# Excerpted data:
(* Let $G$ be a simple graph with $m$ edges and girth $g(G)\ge 5$. Then the number $p(G;4)$ of $4$-matchings of $G$ equals $$\frac{1}{24}m^4+\frac14 m^3+\frac{19}{24}m^2-\frac{11}{4}m+\frac18 M_1(G)^2+\frac13 mF(G)-\frac14 m^2M_1(G)+mM_2(G)+\frac14 M_1^4(G)-2M_2(G)-\frac54 mM_1(G)+\frac72 M_1(G)-EM_2(G)-\frac32 F(G),$$ where $M_1(G)^2$ is the square of the number $M_1(G)$.
   Context: All graphs are finite, simple and undirected. A $k$-matching is a set of $k$ pairwise vertex-disjoint edges; $p(G;k)$ is the number of $k$-matchings in $G$. $d_G(v)$ is the degree of $v$; the girth is the length of a shortest cycle (infinite if acyclic). $M_1^\alpha(G)=\sum_v d_G(v)^\alpha$ (exponent on degrees), $M_1=M_1^2$, $F=M_1^3$, $M_1^4(G)=\sum_v d_G(v)^4$; $M_2(G)=\sum_{uv\in E(G)}d_G(u)d_G(v)$. For an edge $e=uv$, $d_G(e)=d_G(u)+d_G(v)-2$; $EM_2(G)=\sum_{e\sim f}d_G(e)d_G(f)$, the sum over unordered pairs of distinct edges sharing a vertex. *)

theory Defs
  imports Complex_Main "HOL-Library.Extended_Nat"
begin

definition simple_graph :: "'a set \<Rightarrow> 'a set set \<Rightarrow> bool" where
  "simple_graph V E \<longleftrightarrow> finite V \<and> (\<forall>e\<in>E. \<exists>u v. e = {u, v} \<and> u \<noteq> v \<and> u \<in> V \<and> v \<in> V)"

definition degree :: "'a set set \<Rightarrow> 'a \<Rightarrow> nat" where
  "degree E v = card {e \<in> E. v \<in> e}"

definition matchings :: "'a set set \<Rightarrow> nat \<Rightarrow> 'a set set set" where
  "matchings E k = {M. M \<subseteq> E \<and> card M = k \<and> pairwise disjnt M}"

definition num_matchings :: "'a set set \<Rightarrow> nat \<Rightarrow> nat" where
  "num_matchings E k = card (matchings E k)"

definition is_cycle :: "'a set set \<Rightarrow> 'a list \<Rightarrow> bool" where
  "is_cycle E cs \<longleftrightarrow> length cs \<ge> 3 \<and> distinct cs \<and>
     (\<forall>i < length cs. {cs ! i, cs ! ((i + 1) mod length cs)} \<in> E)"

definition girth :: "'a set set \<Rightarrow> enat" where
  "girth E = (INF cs \<in> {cs. is_cycle E cs}. enat (length cs))"

text \<open>Generalised first Zagreb index M_1^alpha(G) = sum of d(v)^alpha.\<close>
definition M1_pow :: "'a set \<Rightarrow> 'a set set \<Rightarrow> nat \<Rightarrow> real" where
  "M1_pow V E a = (\<Sum>v\<in>V. real (degree E v) ^ a)"

definition M2 :: "'a set set \<Rightarrow> real" where
  "M2 E = (\<Sum>e\<in>E. \<Prod>v\<in>e. real (degree E v))"

definition edge_degree :: "'a set set \<Rightarrow> 'a set \<Rightarrow> real" where
  "edge_degree E e = (\<Sum>v\<in>e. real (degree E v)) - 2"

definition EM2 :: "'a set set \<Rightarrow> real" where
  "EM2 E = (\<Sum>P\<in>{{e, f} | e f. e \<in> E \<and> f \<in> E \<and> e \<noteq> f \<and> e \<inter> f \<noteq> {}}.
              \<Prod>x\<in>P. edge_degree E x)"

end

theory Submission
  imports Defs
begin

(* Counting, for every edge, the matchings containing it gives
   24 p(G;4) = sum over ordered triples (a, b, c) of pairwise disjoint edges of the number of
   edges disjoint from a, b and c.  No edge meets three pairwise disjoint edges, so by
   inclusion-exclusion that number is m + 3 - s(a) - s(b) - s(c) + l(a,b) + l(a,c) + l(b,c),
   where s(e) = d(u) + d(v) for e = uv and l counts the edges linking two edges; by symmetry the
   triple sum collapses to a sum over ordered pairs of disjoint edges.  Girth at least 5 excludes
   triangles and 4-cycles, so l(a,b) is 0 or 1, and a linked pair of disjoint edges is the same
   as a path of length 3 read from its middle edge.  Hence every remaining sum over pairs of
   disjoint edges is a sum over edges and vertices, which double counting expresses through the
   degree invariants. *)

lemma finite_matchings: "finite E \<Longrightarrow> finite (matchings E k)"
  unfolding matchings_def by (rule finite_subset[of _ "Pow E"]) auto

lemma matchings_0: "finite E \<Longrightarrow> matchings E 0 = {{}}"
  by (auto simp: matchings_def card_eq_0_iff dest: finite_subset)

lemma card_matchings_Suc:
  assumes fin: "finite E" and ne: "{} \<notin> E"
  shows "Suc k * card (matchings E (Suc k)) = (\<Sum>e\<in>E. card (matchings {f\<in>E. disjnt e f} k))"
proof -
  let ?M = "matchings E (Suc k)"
  have insert_bij: "bij_betw (insert e) (matchings {f\<in>E. disjnt e f} k) {M\<in>?M. e \<in> M}"
    if e: "e \<in> E" for e
  proof (rule bij_betw_byWitness[where f' = "\<lambda>M. M - {e}"])
    have e_notin: "e \<notin> N" if "N \<in> matchings {f\<in>E. disjnt e f} k" for N
      using that ne e by (auto simp: matchings_def disjnt_def)
    show "\<forall>N\<in>matchings {f\<in>E. disjnt e f} k. insert e N - {e} = N"
      using e_notin by auto
    show "\<forall>M\<in>{M\<in>?M. e \<in> M}. insert e (M - {e}) = M" by auto
    show "insert e ` matchings {f\<in>E. disjnt e f} k \<subseteq> {M\<in>?M. e \<in> M}"
    proof (rule image_subsetI)
      fix N assume N: "N \<in> matchings {f\<in>E. disjnt e f} k"
      have "finite N" using N fin by (auto simp: matchings_def dest: finite_subset)
      then show "insert e N \<in> {M\<in>?M. e \<in> M}"
        using N e_notin[OF N] e by (auto simp: matchings_def pairwise_insert disjnt_sym)
    qed
    show "(\<lambda>M. M - {e}) ` {M\<in>?M. e \<in> M} \<subseteq> matchings {f\<in>E. disjnt e f} k"
      by (auto simp: matchings_def pairwise_def)
  qed
  have "Suc k * card ?M = (\<Sum>M\<in>?M. card M)"
    by (simp add: matchings_def)
  also have "\<dots> = (\<Sum>M\<in>?M. \<Sum>e\<in>E. if e \<in> M then 1 else 0)"
    by (intro sum.cong refl) (auto simp: matchings_def sum.If_cases[OF fin] Int_absorb1)
  also have "\<dots> = (\<Sum>e\<in>E. card {M\<in>?M. e \<in> M})"
    by (subst sum.swap) (simp add: sum.If_cases[OF finite_matchings[OF fin]] Int_def)
  also have "\<dots> = (\<Sum>e\<in>E. card (matchings {f\<in>E. disjnt e f} k))"
    using bij_betw_same_card[OF insert_bij] by (intro sum.cong refl) simp
  finally show ?thesis .
qed

lemma real_card_matchings_Suc:
  assumes "finite E" "{} \<notin> E"
  shows "real (Suc k) * real (card (matchings E (Suc k)))
    = (\<Sum>e\<in>E. real (card (matchings {f\<in>E. disjnt e f} k)))"
  using arg_cong[OF card_matchings_Suc[OF assms, of k], of real]
  unfolding of_nat_mult of_nat_sum .

definition disj_ind :: "'a set \<Rightarrow> 'a set \<Rightarrow> real" where
  "disj_ind a b = (if disjnt a b then 1 else 0)"

lemma disj_ind_commute: "disj_ind a b = disj_ind b a"
  by (simp add: disj_ind_def disjnt_sym)

lemma disjnt_if_disj_ind_nonzero: "disj_ind a b \<noteq> 0 \<Longrightarrow> disjnt a b"
  by (simp add: disj_ind_def split: if_splits)

lemma sum_disjnt_filter:
  "finite A \<Longrightarrow> (\<Sum>x\<in>{f\<in>A. disjnt e f}. F x) = (\<Sum>x\<in>A. disj_ind e x * F x)"
  by (simp add: sum.inter_filter disj_ind_def) (intro sum.cong, auto)

lemma card_matchings_1:
  assumes "finite A" "{} \<notin> A"
  shows "real (card (matchings A 1)) = real (card A)"
  using real_card_matchings_Suc[OF assms, of 0] assms by (simp add: matchings_0)

lemma card_matchings_2:
  assumes "finite A" "{} \<notin> A"
  shows "2 * real (card (matchings A 2)) = (\<Sum>a\<in>A. \<Sum>b\<in>A. disj_ind a b)"
proof -
  have "\<And>e. finite {f\<in>A. disjnt e f} \<and> {} \<notin> {f\<in>A. disjnt e f}"
    using assms by simp
  then show ?thesis
    using real_card_matchings_Suc[OF assms, of 1] assms
    by (simp add: numeral_2_eq_2 card_matchings_1[unfolded One_nat_def]
        sum_disjnt_filter[where F = "\<lambda>_. 1", simplified])
qed

lemma card_matchings_3:
  assumes "finite A" "{} \<notin> A"
  shows "6 * real (card (matchings A 3))
    = (\<Sum>a\<in>A. \<Sum>b\<in>A. \<Sum>c\<in>A. disj_ind a b * disj_ind a c * disj_ind b c)"
proof -
  have filtered: "\<And>e. finite {f\<in>A. disjnt e f} \<and> {} \<notin> {f\<in>A. disjnt e f}"
    using assms by simp
  have "6 * real (card (matchings A 3))
      = 2 * (\<Sum>a\<in>A. real (card (matchings {f\<in>A. disjnt a f} 2)))"
    using real_card_matchings_Suc[OF assms, of 2] by simp
  also have "\<dots> = (\<Sum>a\<in>A. \<Sum>b\<in>A. \<Sum>c\<in>A. disj_ind a b * disj_ind a c * disj_ind b c)"
    using assms filtered
    by (simp add: sum_distrib_left card_matchings_2 sum_disjnt_filter mult.assoc)
  finally show ?thesis .
qed

lemma card_matchings_4:
  assumes "finite A" "{} \<notin> A"
  shows "24 * real (card (matchings A 4))
    = (\<Sum>a\<in>A. \<Sum>b\<in>A. \<Sum>c\<in>A. disj_ind a b * disj_ind a c * disj_ind b c
         * (\<Sum>d\<in>A. disj_ind a d * disj_ind b d * disj_ind c d))"
proof -
  have filtered: "\<And>e. finite {f\<in>A. disjnt e f} \<and> {} \<notin> {f\<in>A. disjnt e f}"
    using assms by simp
  have "24 * real (card (matchings A 4))
      = 6 * (\<Sum>a\<in>A. real (card (matchings {f\<in>A. disjnt a f} 3)))"
    using real_card_matchings_Suc[OF assms, of 3] by simp
  also have "\<dots> = (\<Sum>a\<in>A. \<Sum>b\<in>A. \<Sum>c\<in>A. disj_ind a b * disj_ind a c * disj_ind b c
         * (\<Sum>d\<in>A. disj_ind a d * disj_ind b d * disj_ind c d))"
    using assms filtered
    by (simp add: sum_distrib_left card_matchings_3 sum_disjnt_filter mult_ac)
  finally show ?thesis .
qed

# Try it:
Could you set down, word for word, only the lines above from the line with "text \<open>Generalised first" to the line with "set set \<Rightarrow> 'a set", including both?

# Task answer:
text \<open>Generalised first Zagreb index M_1^alpha(G) = sum of d(v)^alpha.\<close>
definition M1_pow :: "'a set \<Rightarrow> 'a set set \<Rightarrow> nat \<Rightarrow> real" where
  "M1_pow V E a = (\<Sum>v\<in>V. real (degree E v) ^ a)"

definition M2 :: "'a set set \<Rightarrow> real" where
  "M2 E = (\<Sum>e\<in>E. \<Prod>v\<in>e. real (degree E v))"

definition edge_degree :: "'a set set \<Rightarrow> 'a set \<Rightarrow> real" where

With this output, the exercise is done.